(* Let $n$ be a positive integer, let $X=\{(x,y)\in\mathbb{Z}^2 : \max(|x|,|y|) = n\}$ (the boundary of the digital square $[-n,n]_{\mathbb{Z}}^2$), and let $Y = X\setminus\{(n,n)\}$. Let $d=d_1$ be the Manhattan metric $d_1((x_1,x_2),(y_1,y_2))=|x_1-y_1|+|x_2-y_2|$ and $\kappa=c_1$. Then $H_1(X,Y)=1$ and $\delta_{d}(X,Y)\ge 2n-1$.
   Context: $[a,b]_{\mathbb{Z}}$ denotes $\{k\in\mathbb{Z}: a\le k\le b\}$. In $\mathbb{Z}^2$, two distinct points are $c_1$-adjacent if they differ by exactly $1$ in exactly one coordinate and agree in the other (4-adjacency). A function $f$ between subsets of $\mathbb{Z}^2$ is $c_1$-continuous if whenever $x,x'$ are $c_1$-adjacent, $f(x)$ and $f(x')$ are equal or $c_1$-adjacent. $H_1$ is the Hausdorff metric based on $d_1$: for nonempty finite $A,B$, $H_1(A,B)=\min\{\varepsilon\ge0 : \forall a\in A\ \exists b\in B,\ d_1(a,b)\le\varepsilon,\ \text{and}\ \forall b\in B\ \exists a\in A,\ d_1(a,b)\le\varepsilon\}$. Borsuk's metric of continuity $\delta_d(X,Y)$ is the greatest lower bound of the numbers $t>0$ such that there exist $c_1$-continuous maps $f:X\to Y$ and $g:Y\to X$ with $d(x,f(x))\le t$ for all $x\in X$ and $d(y,g(y))\le t$ for all $y\in Y$. *)

theory Defs
  imports "HOL-Analysis.Analysis"
begin

type_synonym pt = "int \<times> int"

definition d1 :: "pt \<Rightarrow> pt \<Rightarrow> int" where
  "d1 p q = \<bar>fst p - fst q\<bar> + \<bar>snd p - snd q\<bar>"

definition c1_adj :: "pt \<Rightarrow> pt \<Rightarrow> bool" where
  "c1_adj p q \<longleftrightarrow> p \<noteq> q \<and>
     ((fst p = fst q \<and> \<bar>snd p - snd q\<bar> = 1) \<or> (snd p = snd q \<and> \<bar>fst p - fst q\<bar> = 1))"

definition c1_continuous :: "pt set \<Rightarrow> pt set \<Rightarrow> (pt \<Rightarrow> pt) \<Rightarrow> bool" where
  "c1_continuous X Y f \<longleftrightarrow> f ` X \<subseteq> Y \<and>
     (\<forall>x\<in>X. \<forall>x'\<in>X. c1_adj x x' \<longrightarrow> f x = f x' \<or> c1_adj (f x) (f x'))"

definition hausdorff1 :: "pt set \<Rightarrow> pt set \<Rightarrow> real" where
  "hausdorff1 A B = Inf {\<epsilon>::real. \<epsilon> \<ge> 0 \<and>
      (\<forall>a\<in>A. \<exists>b\<in>B. real_of_int (d1 a b) \<le> \<epsilon>) \<and>
      (\<forall>b\<in>B. \<exists>a\<in>A. real_of_int (d1 a b) \<le> \<epsilon>)}"

definition borsuk_delta1 :: "pt set \<Rightarrow> pt set \<Rightarrow> real" where
  "borsuk_delta1 X Y = Inf {t::real. t > 0 \<and>
      (\<exists>f g. c1_continuous X Y f \<and> c1_continuous Y X g \<and>
         (\<forall>x\<in>X. real_of_int (d1 x (f x)) \<le> t) \<and>
         (\<forall>y\<in>Y. real_of_int (d1 y (g y)) \<le> t))}"
definition indist :: "('o, 'a) model \<Rightarrow> ('o, 'a) records \<Rightarrow> 'a \<Rightarrow> nat list \<Rightarrow> nat list \<Rightarrow> bool" where
  "indist M r a h h' \<longleftrightarrow> length h = length h' \<and>
     (\<forall>i<length h. \<forall>o'\<in>set (ol M r a i). (h ! i, h' ! i) \<in> obsrel M o')"

fun hsat :: "('o, 'a) model \<Rightarrow> nat list \<Rightarrow> ('o, 'a) records \<Rightarrow> ('o, 'a) hform \<Rightarrow> bool"
and psat :: "('o, 'a) model \<Rightarrow> (nat \<Rightarrow> nat) \<Rightarrow> nat \<Rightarrow> ('o, 'a) records \<Rightarrow> ('o, 'a) pform \<Rightarrow> bool" where
  "hsat M h r (Prop p) = (p \<in> val M (last h))"
| "hsat M h r (HNeg f) = (\<not> hsat M h r f)"
| "hsat M h r (HAnd f g) = (hsat M h r f \<and> hsat M h r g)"
| "hsat M h r (All p) = (\<forall>\<pi>. is_path M \<pi> \<and> h = map \<pi> [0..<length h] \<longrightarrow> psat M \<pi> (length h - 1) r p)"
| "hsat M h r (Know a f) = (\<forall>h'. is_history M h' \<and> indist M r a h h' \<longrightarrow> hsat M h' r f)"
| "hsat M h r (Delta o' a f) = hsat M h (r(a := r a @ [(o', length h - 1)])) f"
| "psat M \<pi> n r (HF f) = hsat M (map \<pi> [0..<Suc n]) r f"
| "psat M \<pi> n r (PNeg p) = (\<not> psat M \<pi> n r p)"
| "psat M \<pi> n r (PAnd p q) = (psat M \<pi> n r p \<and> psat M \<pi> n r q)"
| "psat M \<pi> n r (Next p) = psat M \<pi> (Suc n) r p"
| "psat M \<pi> n r (Until p q) = (\<exists>m\<ge>n. psat M \<pi> m r q \<and> (\<forall>j. n \<le> j \<and> j < m \<longrightarrow> psat M \<pi> j r p))"
lemma prime_filter_exists:
  assumes "r \<in> C" and "s \<in> C" and "\<not> le r s"
  obtains P where "prime_filter P" "r \<in> P" "s \<notin> P"
proof -
  obtain P where P: "filter P" "r \<in> P" "s \<notin> P"
    and maximal: "\<And>F. filter F \<Longrightarrow> s \<notin> F \<Longrightarrow> P \<subseteq> F \<Longrightarrow> F = P"
    using maximal_filter_avoiding[OF assms] by blast
  have PC: "P \<subseteq> C" and up: "\<And>x y. x \<in> P \<Longrightarrow> y \<in> C \<Longrightarrow> le x y \<Longrightarrow> y \<in> P"
    and meet_mem: "\<And>x y. x \<in> P \<Longrightarrow> y \<in> P \<Longrightarrow> x \<sqinter>\<^sub>L y \<in> P"
    using P(1) unfolding filter_def by auto
  have "one \<in> P"
    using up[OF P(2) one_closed le_one[OF assms(1)]] .
  moreover have "zero \<notin> P"
    using up[OF _ assms(2) zero_le[OF assms(2)]] P(3) by blast
  moreover have "x \<sqinter>\<^sub>L y \<in> P \<longleftrightarrow> x \<in> P \<and> y \<in> P" if "x \<in> C" "y \<in> C" for x y
    using meet_mem up[OF _ that(1) meet_le1[OF that]] up[OF _ that(2) meet_le2[OF that]] by blast
  moreover have "x \<squnion>\<^sub>L y \<in> P \<longleftrightarrow> x \<in> P \<or> y \<in> P" if "x \<in> C" "y \<in> C" for x y
    using maximal_filter_join_prime[OF P(1,2) assms(2) P(3) _ that] maximal
      up[OF _ join_closed[OF that] join_ge1[OF that]] up[OF _ join_closed[OF that] join_ge2[OF that]]
    by blast
  ultimately have "prime_filter P"
    using PC by (simp add: prime_filter_def)
  then show thesis using that P(2,3) by blast
qed
lemma norm_sum_related_pairs_le:
  fixes G :: "'a \<Rightarrow> complex" and rel :: "'a \<Rightarrow> 'a \<Rightarrow> bool"
  assumes "finite A" and sym: "\<And>a b. rel a b \<longleftrightarrow> rel b a"
    and classes: "\<And>a. a \<in> A \<Longrightarrow> card {b\<in>A. rel a b} \<le> k"
  shows "cmod (\<Sum>a\<in>A. \<Sum>b\<in>A. if rel a b then G a * cnj (G b) else 0)
           \<le> k * (\<Sum>a\<in>A. (cmod (G a))^2)"
proof -
  define X where "X = (\<Sum>a\<in>A. \<Sum>b\<in>A. if rel a b then (cmod (G a))^2 else 0)"
  have X_swap: "(\<Sum>a\<in>A. \<Sum>b\<in>A. if rel a b then (cmod (G b))^2 else 0) = X"
    unfolding X_def by (subst sum.swap) (simp add: sym)
  have "(\<Sum>b\<in>A. if rel a b then (cmod (G a))^2 else 0) \<le> k * (cmod (G a))^2" if "a \<in> A" for a
  proof -
    have "(\<Sum>b\<in>A. if rel a b then (cmod (G a))^2 else 0) = card {b\<in>A. rel a b} * (cmod (G a))^2"
      by (simp add: sum.If_cases[OF assms(1)] Int_def conj_commute)
    also have "\<dots> \<le> k * (cmod (G a))^2"
      using classes[OF that] by (intro mult_right_mono) auto
    finally show ?thesis .
  qed
  then have X_le: "X \<le> k * (\<Sum>a\<in>A. (cmod (G a))^2)"
    unfolding X_def sum_distrib_left by (rule sum_mono)
  have "cmod (\<Sum>a\<in>A. \<Sum>b\<in>A. if rel a b then G a * cnj (G b) else 0)
      \<le> (\<Sum>a\<in>A. \<Sum>b\<in>A. cmod (if rel a b then G a * cnj (G b) else 0))"
    by (rule order_trans[OF norm_sum sum_mono[OF norm_sum]])
  also have "\<dots> \<le> (\<Sum>a\<in>A. \<Sum>b\<in>A. (if rel a b then (cmod (G a))^2 else 0) / 2
                                   + (if rel a b then (cmod (G b))^2 else 0) / 2)"
  proof (intro sum_mono)
    fix a b
    have "cmod (G a) * cmod (G b) \<le> ((cmod (G a))^2 + (cmod (G b))^2) / 2"
      using sum_squares_bound[of "cmod (G a)" "cmod (G b)"] by (simp add: power2_eq_square)
    then show "cmod (if rel a b then G a * cnj (G b) else 0)
        \<le> (if rel a b then (cmod (G a))^2 else 0) / 2 + (if rel a b then (cmod (G b))^2 else 0) / 2"
      by (auto simp: norm_mult)
  qed
  also have "\<dots> = X"
    using X_swap unfolding X_def by (simp add: sum.distrib sum_divide_distrib[symmetric])
  finally show ?thesis using X_le by linarith
qed

lemma sum_norm_exp_sum_square:
  fixes p :: int and G :: "int \<Rightarrow> complex" and q :: "int \<Rightarrow> int"
  assumes "p > 0"
  shows "of_real (\<Sum>l\<in>{0..<p}. (cmod (\<Sum>a\<in>{0..<p}. G a * ep p (l * q a)))^2)
           = of_int p * (\<Sum>a\<in>{0..<p}. \<Sum>b\<in>{0..<p}.
                          if p dvd q a - q b then G a * cnj (G b) else 0)"
proof -
  define A where "A = {0..<p}"
  have "of_real (\<Sum>l\<in>A. (cmod (\<Sum>a\<in>A. G a * ep p (l * q a)))^2)
      = (\<Sum>l\<in>A. (\<Sum>a\<in>A. G a * ep p (l * q a)) * (\<Sum>b\<in>A. cnj (G b) * ep p (- (l * q b))))"
    by (simp only: of_real_sum complex_norm_square) (simp add: cnj_sum cnj_ep)
  also have "\<dots> = (\<Sum>l\<in>A. \<Sum>a\<in>A. \<Sum>b\<in>A. G a * cnj (G b) * ep p (l * (q a - q b)))"
    by (simp add: sum_product ep_add[symmetric] algebra_simps)
  also have "\<dots> = (\<Sum>a\<in>A. \<Sum>l\<in>A. \<Sum>b\<in>A. G a * cnj (G b) * ep p (l * (q a - q b)))"
    by (rule sum.swap)
  also have "\<dots> = (\<Sum>a\<in>A. \<Sum>b\<in>A. G a * cnj (G b) * (\<Sum>l\<in>A. ep p (l * (q a - q b))))"
    by (rule sum.cong[OF refl], subst sum.swap) (simp add: sum_distrib_left)
  also have "\<dots> = of_int p * (\<Sum>a\<in>A. \<Sum>b\<in>A. if p dvd q a - q b then G a * cnj (G b) else 0)"
    unfolding A_def sum_ep_linear[OF assms] sum_distrib_left by (intro sum.cong refl) simp
  finally show ?thesis unfolding A_def .
qed

lemma sum_norm_exp_sum_square_le:
  fixes p :: int and G :: "int \<Rightarrow> complex" and q :: "int \<Rightarrow> int"
  assumes "p > 0"
    and classes: "\<And>a. a \<in> {0..<p} \<Longrightarrow> card {b\<in>{0..<p}. p dvd q a - q b} \<le> k"
  shows "(\<Sum>l\<in>{0..<p}. (cmod (\<Sum>a\<in>{0..<p}. G a * ep p (l * q a)))^2)
           \<le> real k * p * (\<Sum>a\<in>{0..<p}. (cmod (G a))^2)"
proof -
  have rel_sym: "p dvd q a - q b \<longleftrightarrow> p dvd q b - q a" for a b
    by (metis dvd_minus_iff minus_diff_eq)
  let ?S = "\<Sum>l\<in>{0..<p}. (cmod (\<Sum>a\<in>{0..<p}. G a * ep p (l * q a)))^2"
  have "?S \<ge> 0" by (simp add: sum_nonneg)
  then have "?S = cmod (of_real ?S)" by (simp only: norm_of_real abs_of_nonneg)
  also have "\<dots> = p * cmod (\<Sum>a\<in>{0..<p}. \<Sum>b\<in>{0..<p}.
                              if p dvd q a - q b then G a * cnj (G b) else 0)"
    unfolding sum_norm_exp_sum_square[OF assms(1)] using assms(1) by (simp add: norm_mult)
  also have "\<dots> \<le> p * (k * (\<Sum>a\<in>{0..<p}. (cmod (G a))^2))"
    using assms(1) by (intro mult_left_mono norm_sum_related_pairs_le rel_sym classes) auto
  finally show ?thesis by (simp add: algebra_simps)
qed

lemma sum_over_line_mod:
  fixes p h a :: int
  assumes p: "p > 0" and cop: "coprime h p"
  shows "(\<Sum>u\<in>{0..<p}. \<Sum>v\<in>{0..<p}. if p dvd a * u - h * v then g u v else 0)
           = (\<Sum>w\<in>{0..<p}. g ((h * w) mod p) ((a * w) mod p))"
proof -
  have on_line: "p dvd a * ((h * w) mod p) - h * v \<longleftrightarrow> v = (a * w) mod p"
    if v: "v \<in> {0..<p}" for v w
  proof -
    have "[a * ((h * w) mod p) = a * (h * w)] (mod p)"
      by (rule cong_scalar_left) (simp add: cong_def)
    then have shift: "[a * ((h * w) mod p) = h * (a * w)] (mod p)"
      by (simp add: ac_simps)
    have "p dvd a * ((h * w) mod p) - h * v \<longleftrightarrow> [h * v = a * ((h * w) mod p)] (mod p)"
      unfolding cong_iff_dvd_diff by (rule dvd_diff_commute)
    also have "\<dots> \<longleftrightarrow> [h * v = h * (a * w)] (mod p)"
      using shift cong_trans cong_sym by blast
    also have "\<dots> \<longleftrightarrow> [v = a * w] (mod p)"
      using cop by (rule cong_mult_lcancel)
    also have "\<dots> \<longleftrightarrow> v = (a * w) mod p"
      using v by (simp add: cong_def)
    finally show ?thesis .
  qed
  have "(\<Sum>u\<in>{0..<p}. \<Sum>v\<in>{0..<p}. if p dvd a * u - h * v then g u v else 0)
      = (\<Sum>w\<in>{0..<p}. \<Sum>v\<in>{0..<p}.
            if p dvd a * ((h * w) mod p) - h * v then g ((h * w) mod p) v else 0)"
    by (rule sum_mod_mult[OF p cop, symmetric])
  also have "\<dots> = (\<Sum>w\<in>{0..<p}. \<Sum>v\<in>{0..<p}.
            if v = (a * w) mod p then g ((h * w) mod p) v else 0)"
    by (intro sum.cong refl) (simp add: on_line)
  also have "\<dots> = (\<Sum>w\<in>{0..<p}. g ((h * w) mod p) ((a * w) mod p))"
    using p by (simp add: sum.delta')
  finally show ?thesis .
qed

lemma R1_cong:
  "[a = a'] (mod p) \<Longrightarrow> [b = b'] (mod p) \<Longrightarrow> [c = c'] (mod p)
     \<Longrightarrow> [R1 x1 x2 x3 a b c = R1 x1 x2 x3 a' b' c'] (mod p)"
  unfolding R1_def by (intro cong_add cong_mult cong_diff cong_pow cong_refl)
○ ○ ○ ○ ○ ○ ○
■ REQUIRED ACTION
For each line above that contains the word "assumes", give the line as it is written.

■ RESPONSE BOX
  assumes "r \<in> C" and "s \<in> C" and "\<not> le r s"
  assumes "finite A" and sym: "\<And>a b. rel a b \<longleftrightarrow> rel b a"
  assumes "p > 0"
  assumes "p > 0"
  assumes p: "p > 0" and cop: "coprime h p"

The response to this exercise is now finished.